The other player of note in the NAS market is Microsoft, which, while gaining roughly 20 percent of the market for NAS to date, according to Gartner, doesn’t offer a true NAS option.
“What it is, is a special CD with an installation wizard that makes it a little easier to start up Windows as a file server,” says Passmore, “but once it’s up and running, it’s still Windows — you know, the same old, same old.”
Final Thoughts
With the distinction between NAS and SAN becoming more and more blurred by the day, a more important distinction may be the protocol(s) you’re going to use with your NAS/SAN mix: IP, Fibre Channel, and/or iSCSI.
How to choose among those options depends on your enterprise. “If your application doesn’t do very much I/O, or if your server has lots of excess CPU cycles, then the IP network is going to perform very well for you, and you’re going to be a happy camper,” contends Passmore.

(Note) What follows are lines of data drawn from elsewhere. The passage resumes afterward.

lemma bin_exp_variance: "bin_exp p N (\<lambda>i. (real i - real N * p)\<^sup>2) = real N * p * (1 - p)"
proof -
  have "bin_exp p N (\<lambda>i. (real i - real N * p)\<^sup>2)
      = bin_exp p N (\<lambda>i. (real i)\<^sup>2 + ((-2 * (real N * p)) * real i + (real N * p)\<^sup>2))"
    by (simp add: power2_eq_square algebra_simps)
  also have "\<dots> = bin_exp p N (\<lambda>i. (real i)\<^sup>2)
      + (bin_exp p N (\<lambda>i. (-2 * (real N * p)) * real i) + (real N * p)\<^sup>2)"
    by (simp only: bin_exp_add bin_exp_const)
  also have "\<dots> = real N * p * (1 - p)"
    by (simp only: bin_exp_cmult bin_exp_mean bin_exp_square) (simp add: power2_eq_square algebra_simps)
  finally show ?thesis .
qed

lemma bin_exp_concentration:
  assumes p: "0 \<le> p" "p \<le> 1" and sd: "0 < bin_sd p N"
  shows "3/4 \<le> bin_exp p N (\<lambda>i. if \<bar>real i - real N * p\<bar> \<le> 2 * bin_sd p N then 1 else 0)"
proof -
  define \<sigma> where "\<sigma> = bin_sd p N"
  have "bin_exp p N (\<lambda>i. if \<bar>real i - real N * p\<bar> \<le> 2 * \<sigma> then 0 else 1)
      \<le> bin_exp p N (\<lambda>i. (real i - real N * p)\<^sup>2 / (2 * \<sigma>)\<^sup>2)"
  proof (rule bin_exp_mono[OF p])
    fix i
    have "\<bar>real i - real N * p\<bar> > 2 * \<sigma> \<Longrightarrow> (2 * \<sigma>)\<^sup>2 \<le> (real i - real N * p)\<^sup>2"
      using sd unfolding \<sigma>_def
      by (metis abs_le_square_iff abs_of_pos less_imp_le zero_less_mult_iff zero_less_numeral)
    then show "(if \<bar>real i - real N * p\<bar> \<le> 2 * \<sigma> then 0 else 1) \<le> (real i - real N * p)\<^sup>2 / (2 * \<sigma>)\<^sup>2"
      using sd unfolding \<sigma>_def by auto
  qed
  also have "\<dots> = bin_exp p N (\<lambda>i. (real i - real N * p)\<^sup>2) / (2 * \<sigma>)\<^sup>2"
    using bin_exp_cmult[of p N "1 / (2 * \<sigma>)\<^sup>2" "\<lambda>i. (real i - real N * p)\<^sup>2"] by simp
  also have "\<dots> = 1/4"
  proof -
    define v where "v = real N * p * (1 - p)"
    have "(2 * \<sigma>)\<^sup>2 = 4 * v" unfolding \<sigma>_def v_def by (simp add: power_mult_distrib bin_sd_sq p)
    moreover have "0 < v" using sd unfolding v_def bin_sd_def by simp
    ultimately show ?thesis unfolding bin_exp_variance v_def[symmetric] by simp
  qed
  finally have "bin_exp p N (\<lambda>i. if \<bar>real i - real N * p\<bar> \<le> 2 * \<sigma> then 0 else 1) \<le> 1/4" .
  moreover have "bin_exp p N (\<lambda>i. if \<bar>real i - real N * p\<bar> \<le> 2 * \<sigma> then 1 else 0)
      = 1 - bin_exp p N (\<lambda>i. if \<bar>real i - real N * p\<bar> \<le> 2 * \<sigma> then 0 else 1)"
    using bin_exp_diff[of p N "\<lambda>_. 1" "\<lambda>i. if \<bar>real i - real N * p\<bar> \<le> 2 * \<sigma> then 0 else 1"]
    by (simp add: if_distrib cong: if_cong)
  ultimately show ?thesis unfolding \<sigma>_def by linarith
qed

In that case, you’d want to deploy a traditional IP-based NAS.
“If, on the other hand, you’re pushing your CPU like mad, and you’ve been using SCSI- or Fibre Channel-based storage, but you’re thinking about going to IP-based storage because you’ve heard all the wonderful hype about how cheap it is, you’re in serious trouble,” cautions Passmore. If you fall into this category, you’ll want to avoid the processor-intensive IP-based NAS and instead choose a Fibre Channel NAS or SAN.
Feature adapted from ServerWatch.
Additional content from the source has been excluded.